Grüne: In der Kinderbetreuung sind wir sehr gut aufgestellt. Das hat die jüngste Gemeinderatssitzung gezeigt. Durch ein großes und vielfältiges Angebot können wir eine sehr gute Kinderbetreuung bieten. Zukünftig gilt es aber, die Betreuungsangebote an den Bedarf anzupassen. Die Anforderungen an die Kinderbetreuung haben sich in den vergangenen Jahren enorm gewandelt. Auch hier sind wir auf einem guten Weg und haben unsere Betreuungsmöglichkeiten an die unterschiedlichen Lebensentwürfe von Familien angepasst. Auch Personalprobleme haben wir momentan keine. Im Vergleich zu anderen Gemeinden schauen wir bei diesem Thema sehr zuversichtlich in die Zukunft.

Im Zwischenbericht zum aktuellen Haushaltsjahr äußerten die Verwaltung und auch mehrere Gemeinderäte Sorge wegen voraussichtlich sinkender Gewerbesteuereinnahmen. Muss Oftersheim ein attraktiverer Standort für Gewerbe werden? Und wenn ja – wie?

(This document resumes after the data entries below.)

lemma D_le_K_D:
  assumes "R y z \<le> R x y"
  shows "D x z \<le> K * D x y"
proof (cases "x = y")
  case True
  hence "y = z" using assms R_pos by (metis R_self not_le)
  thus ?thesis using True K_ge by simp
next
  case False
  define a where "a = R x y"
  have a: "0 < a" using R_pos[OF False] a_def by simp
  have xz: "R x z \<le> 4 * a" using R_quasi_triangle[of x z y] assms a_def by simp
  have "D x z \<le> K\<^sub>1 * h x (R x z)" by (rule D_le_h)
  also have "\<dots> \<le> K\<^sub>1 * h x (4 * a)"
    using K\<^sub>1_ge xz R_nonneg[of x z] by (intro mult_left_mono h_mono) auto
  also have "\<dots> = K\<^sub>1 * 4 * a * V x (4 * a)" by (simp add: h_def)
  also have "\<dots> \<le> K\<^sub>1 * 4 * a * (C\<^sub>D\<^sup>2 * V x a)"
    using K\<^sub>1_ge a V_quadrupling[OF a, of x] by (intro mult_left_mono) auto
  also have "\<dots> = K * h x a" by (simp add: K_def h_def)
  also have "\<dots> \<le> K * D x y" unfolding a_def using K_ge h_le_D by (intro mult_left_mono) auto
  finally show ?thesis .
qed

lemma D_quasi_ultrametric: "D x z \<le> K * max (D x y) (D y z)"
proof (cases "R y z \<le> R x y")
  case True
  hence "D x z \<le> K * D x y" by (rule D_le_K_D)
  also have "\<dots> \<le> K * max (D x y) (D y z)" using K_ge by (intro mult_left_mono) auto
  finally show ?thesis .
next
  case False
  hence "D z x \<le> K * D z y" using R_sym[of x y] R_sym[of y z] by (intro D_le_K_D) simp
  also have "\<dots> \<le> K * max (D x y) (D y z)" using K_ge D_sym[of z y] by (intro mult_left_mono) auto
  finally show ?thesis by (simp add: D_sym)
qed

lemma D_four_point: "D w z \<le> K\<^sup>2 * max (D w x) (max (D x y) (D y z))"
proof -
  define M where "M = max (D w x) (max (D x y) (D y z))"
  have "0 \<le> M" using D_nonneg[of w x] by (simp add: M_def le_max_iff_disj)
  hence "M \<le> K * M" using mult_right_mono[of 1 K M] K_ge by simp
  moreover have "K * max (D x y) (D y z) \<le> K * M"
    using K_ge by (intro mult_left_mono) (auto simp: M_def)
  ultimately have inner: "max (D w x) (K * max (D x y) (D y z)) \<le> K * M"
    by (simp add: M_def)
  have "D w z \<le> K * max (D w x) (D x z)" by (rule D_quasi_ultrametric)
  also have "\<dots> \<le> K * max (D w x) (K * max (D x y) (D y z))"
    using K_ge by (intro mult_left_mono max.mono D_quasi_ultrametric) auto
  also have "\<dots> \<le> K * (K * M)"
    using inner K_ge by (intro mult_left_mono) auto
  finally show ?thesis by (simp add: M_def power2_eq_square mult.assoc)
qed

text \<open>This choice of \<open>\<beta>\<close> turns the four-point inequality for \<open>D\<close> into the one of
  Frink's lemma.\<close>

lemma K_square_powr: "(K\<^sup>2) powr (1 / \<beta>) = 2"
proof -
  have "K\<^sup>2 = K powr 2" using K_ge by simp
  hence "(K\<^sup>2) powr (1 / \<beta>) = K powr (2 * (1 / \<beta>))" by (simp only: powr_powr)
  also have "2 * (1 / \<beta>) = ln 2 / ln K" unfolding \<beta>_def log_def using K_ge by simp
  also have "K powr (ln 2 / ln K) = exp (ln 2 / ln K * ln K)" using K_ge by (simp add: powr_def)
  also have "\<dots> = 2" using K_ge by simp
  finally show ?thesis .
qed

lemma four_point_quasimetric_\<rho>: "four_point_quasimetric \<rho>"
proof
  show "0 \<le> \<rho> x y" "\<rho> x x = 0" "\<rho> x y = \<rho> y x" for x y
    unfolding \<rho>_def using D_sym by simp_all
  show "0 < \<rho> x y" if "x \<noteq> y" for x y
    unfolding \<rho>_def using one_le_D[OF that] by simp
  fix w x y z
  have "\<rho> w z \<le> (K\<^sup>2 * max (D w x) (max (D x y) (D y z))) powr (1 / \<beta>)"
    unfolding \<rho>_def using D_four_point D_nonneg \<beta>_ge by (intro powr_mono2) auto
  also have "\<dots> = 2 * max (D w x) (max (D x y) (D y z)) powr (1 / \<beta>)"
    using D_nonneg by (simp add: powr_mult K_square_powr)
  also have "\<dots> = 2 * max (\<rho> w x) (max (\<rho> x y) (\<rho> y z))"
    unfolding \<rho>_def using D_nonneg \<beta>_ge by (simp add: max_powr le_max_iff_disj)
  finally show "\<rho> w z \<le> 2 * max (\<rho> w x) (max (\<rho> x y) (\<rho> y z))" .
qed

sublocale snowflake: four_point_quasimetric \<rho>
  by (rule four_point_quasimetric_\<rho>)

abbreviation d :: "'a \<Rightarrow> 'a \<Rightarrow> real" where
  "d \<equiv> chain_metric \<rho>"

lemma \<rho>_powr_\<beta>: "\<rho> x y powr \<beta> = D x y"
  unfolding \<rho>_def using D_nonneg \<beta>_ge by (simp add: powr_powr)

lemma d_powr_le_D: "d x y powr \<beta> \<le> D x y"
  using snowflake.chain_metric_le[of x y] snowflake.chain_metric_nonneg[of x y] \<beta>_ge
  by (metis \<rho>_powr_\<beta> powr_mono2 order_less_le_trans zero_less_numeral le_less)

lemma D_le_d_powr: "D x y \<le> 2 powr \<beta> * d x y powr \<beta>"
proof -
  have "D x y = \<rho> x y powr \<beta>" by (simp add: \<rho>_powr_\<beta>)
  also have "\<dots> \<le> (2 * d x y) powr \<beta>"
    using snowflake.chain_metric_ge[of x y] snowflake.nonneg[of x y] \<beta>_ge by (intro powr_mono2) auto
  also have "\<dots> = 2 powr \<beta> * d x y powr \<beta>" using snowflake.chain_metric_nonneg by (simp add: powr_mult)
  finally show ?thesis .
qed

lemma gball_d_subset_D:
  assumes "0 < r"
  shows "gball d x r \<subseteq> {w. D x w < (2 * r) powr \<beta>}"
proof
  fix w assume "w \<in> gball d x r"
  hence "\<rho> x w < 2 * r" using snowflake.chain_metric_ge[of x w] by (simp add: gball_def)
  hence "\<rho> x w powr \<beta> < (2 * r) powr \<beta>" using snowflake.nonneg \<beta>_ge by (intro powr_less_mono2) auto
  thus "w \<in> {w. D x w < (2 * r) powr \<beta>}" using \<rho>_powr_\<beta> by simp
qed

lemma D_subset_gball_d:
  assumes "0 < r"
  shows "{w. D x w < r powr \<beta>} \<subseteq> gball d x r"
proof
  fix w assume "w \<in> {w. D x w < r powr \<beta>}"
  hence "D x w powr (1 / \<beta>) < (r powr \<beta>) powr (1 / \<beta>)"
    using D_nonneg \<beta>_ge by (intro powr_less_mono2) auto
  hence "\<rho> x w < r" unfolding \<rho>_def using assms \<beta>_ge by (simp add: powr_powr)
  thus "w \<in> gball d x r" using snowflake.chain_metric_le[of x w] by (simp add: gball_def)
qed

lemma D_subset_gball_R:
  assumes "0 < t"
  shows "{w. D x w < t} \<subseteq> gball R x (t / mass x)"
proof
  fix w assume w: "w \<in> {w. D x w < t}"
  show "w \<in> gball R x (t / mass x)"
  proof (cases "w = x")
    case False
    hence "R x w * mass x < t" using mass_R_le_D[of x w] w by simp
    thus ?thesis using mass_pos[of x] by (simp add: gball_def field_simps)
  qed (use assms mass_pos[of x] in \<open>simp add: gball_def\<close>)
qed

lemma finite_D_ball: "finite {w. D x w < t}"
proof (cases "0 < t")
  case True
  thus ?thesis using D_subset_gball_R[OF True] finite_gball_R[of "t / mass x" x] mass_pos[of x]
    by (meson divide_pos_pos finite_subset)
next
  case False
  hence "{w. D x w < t} = {}" using D_nonneg by (auto simp: not_less intro: order_trans)
  thus ?thesis by simp
qed

lemma finite_gball_d: "finite (gball d x r)"
proof (cases "0 < r")
  case True
  thus ?thesis using gball_d_subset_D finite_D_ball finite_subset by metis
next
  case False
  hence "gball d x r = {}"
    using snowflake.chain_metric_nonneg by (auto simp: gball_def not_less intro: order_trans)
  thus ?thesis by simp
qed

lemma gvol_d_eq: "gvol E mu d x r = ennreal (vol (gball d x r))"
  unfolding gvol_def vol_def using gmeas_finite[OF finite_gball_d] .

section \<open>Comparing balls of the new metric with resistance balls\<close>


definition \<Lambda> :: real where
  "\<Lambda> = 2 * 2 powr \<beta> * K\<^sub>1"

lemma \<Lambda>_ge: "1 \<le> \<Lambda>"
proof -
  have "1 \<le> 2 powr \<beta>" using \<beta>_ge by (intro ge_one_powr_ge_zero) auto
  hence "1 * 1 \<le> (2 * 2 powr \<beta>) * K\<^sub>1" using K\<^sub>1_ge by (intro mult_mono) auto
  thus ?thesis unfolding \<Lambda>_def by simp
qed

lemma gball_d_subset_gball_R:
  assumes "x \<noteq> y"
  shows "gball d x (d x y) \<subseteq> gball R x (\<Lambda> * R x y)"
proof
  fix w assume "w \<in> gball d x (d x y)"
  hence "D x w < (2 * d x y) powr \<beta>"
    using gball_d_subset_D[OF snowflake.chain_metric_pos[OF assms]] by blast
  also have "\<dots> = 2 powr \<beta> * d x y powr \<beta>" using snowflake.chain_metric_nonneg by (simp add: powr_mult)
  also have "\<dots> \<le> 2 powr \<beta> * (K\<^sub>1 * h x (R x y))"
    using d_powr_le_D[of x y] D_le_h[of x y] by (intro mult_left_mono) auto
  also have "\<dots> \<le> \<Lambda> * h x (R x y)"
    unfolding \<Lambda>_def using h_nonneg[OF R_nonneg, of x x y] K\<^sub>1_ge by (simp add: mult_right_mono)
  also have "\<dots> \<le> h x (\<Lambda> * R x y)" by (rule h_scale_ge[OF R_pos[OF assms] \<Lambda>_ge])
  finally have "h x (\<Lambda> * R x y) > D x w" .
  hence "\<not> \<Lambda> * R x y \<le> R x w"
    using h_le_D[of x w] h_mono[of "\<Lambda> * R x y" "R x w" x] R_pos[OF assms] \<Lambda>_ge by force
  thus "w \<in> gball R x (\<Lambda> * R x y)" by (simp add: gball_def)
qed

lemma gball_R_subset_gball_d:
  assumes "x \<noteq> y"
  shows "gball R x (R x y / \<Lambda>) \<subseteq> gball d x (d x y)"
proof
  fix w assume "w \<in> gball R x (R x y / \<Lambda>)"
  hence w: "R x w \<le> 1 / \<Lambda> * R x y" by (simp add: gball_def)
  have "D x w \<le> K\<^sub>1 * h x (R x w)" by (rule D_le_h)
  also have "\<dots> \<le> K\<^sub>1 * h x (1 / \<Lambda> * R x y)"
    using w R_nonneg[of x w] K\<^sub>1_ge by (intro mult_left_mono h_mono) auto
  also have "\<dots> \<le> K\<^sub>1 * (1 / \<Lambda> * h x (R x y))"
    using h_scale_le[OF R_pos[OF assms], of "1 / \<Lambda>"] \<Lambda>_ge K\<^sub>1_ge by (intro mult_left_mono) auto
  also have "\<dots> \<le> K\<^sub>1 * (1 / \<Lambda> * (2 powr \<beta> * d x y powr \<beta>))"
    using h_le_D[of x y] D_le_d_powr[of x y] K\<^sub>1_ge \<Lambda>_ge by (intro mult_left_mono) auto
  also have "\<dots> = d x y powr \<beta> / 2" unfolding \<Lambda>_def using K\<^sub>1_ge by (simp add: field_simps)
  also have "\<dots> < d x y powr \<beta>" using snowflake.chain_metric_pos[OF assms] by simp
  finally show "w \<in> gball d x (d x y)"
    using D_subset_gball_d[OF snowflake.chain_metric_pos[OF assms]] by blast
qed

lemma vol_gball_d_le:
  assumes "x \<noteq> y"
  shows "vol (gball d x (d x y)) \<le> C\<^sub>D * \<Lambda> powr \<gamma> * V x (R x y)"
proof -
  have r: "0 < R x y" using R_pos[OF assms] .
  have "vol (gball d x (d x y)) \<le> vol (gball R x (\<Lambda> * R x y))"
    using gball_d_subset_gball_R[OF assms] finite_gball_R[of "\<Lambda> * R x y" x] \<Lambda>_ge r
    by (intro vol_mono) auto
  also have "\<dots> = V x (\<Lambda> * R x y)" using V_eq_vol[of "\<Lambda> * R x y" x] \<Lambda>_ge r by simp
  also have "\<dots> \<le> C\<^sub>D * (\<Lambda> * R x y / R x y) powr \<gamma> * V x (R x y)"
    using \<Lambda>_ge r by (intro V_polynomial_growth) auto
  finally show ?thesis using r by simp
qed

lemma V_le_vol_gball_d:
  assumes "x \<noteq> y"
  shows "V x (R x y) \<le> C\<^sub>D * \<Lambda> powr \<gamma> * vol (gball d x (d x y))"
proof -
  have r: "0 < R x y" using R_pos[OF assms] .
  have "V x (R x y) \<le> C\<^sub>D * (R x y / (R x y / \<Lambda>)) powr \<gamma> * V x (R x y / \<Lambda>)"
    using \<Lambda>_ge r by (intro V_polynomial_growth) (auto simp: divide_le_eq)
  also have "R x y / (R x y / \<Lambda>) = \<Lambda>" using r \<Lambda>_ge by simp
  also have "V x (R x y / \<Lambda>) \<le> vol (gball d x (d x y))"
    using V_eq_vol[of "R x y / \<Lambda>" x] r \<Lambda>_ge gball_R_subset_gball_d[OF assms]
    by (simp add: vol_mono finite_gball_d)
  finally show ?thesis using C\<^sub>D_ge by (simp add: mult_left_mono)
qed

Grüne: In den letzten Jahren hat sich Oftersheim zu einem sehr guten Gewerbestandort entwickelt. Das zeigt die Entwicklung der Gewerbesteuereinnahmen der letzten Jahre. Allerdings gehört auch zur Wahrheit, dass Oftersheim im Vergleich zu anderen Kommunen sehr geringe Gewerbesteuereinnahmen hat. Im Flächennutzungsplan haben wir nur wenig Flächen für neue Gewerbeentwicklungen. Hier reden wir aber nur von sehr wenigen Flächen mit nur sehr wenig Potential. Diese Flächen sehen wir eher als Erweiterungsflächen für bestehende Gewerbetreibende in Oftersheim. Die Ausweisung weiterer Flächen gilt es kritisch zu hinterfragen, da der Flächenverbrauch in der Metropolregion zu hoch ist und es immer mehr zu Interessenkonflikten zwischen Landwirtschaft, Naturschutz, Naherholung und Wohnungsbau kommt. Jegliche weitere Erweiterung der Flächen geht entweder auf Kosten der Landwirtschaft oder auf Kosten des Naturschutzes. Oder auf Kosten von beidem. Hier müssen wir realistisch bleiben und akzeptieren das Oftersheim ein Ort des Wohnens ist und kein Ort der Gewerbeentwicklung.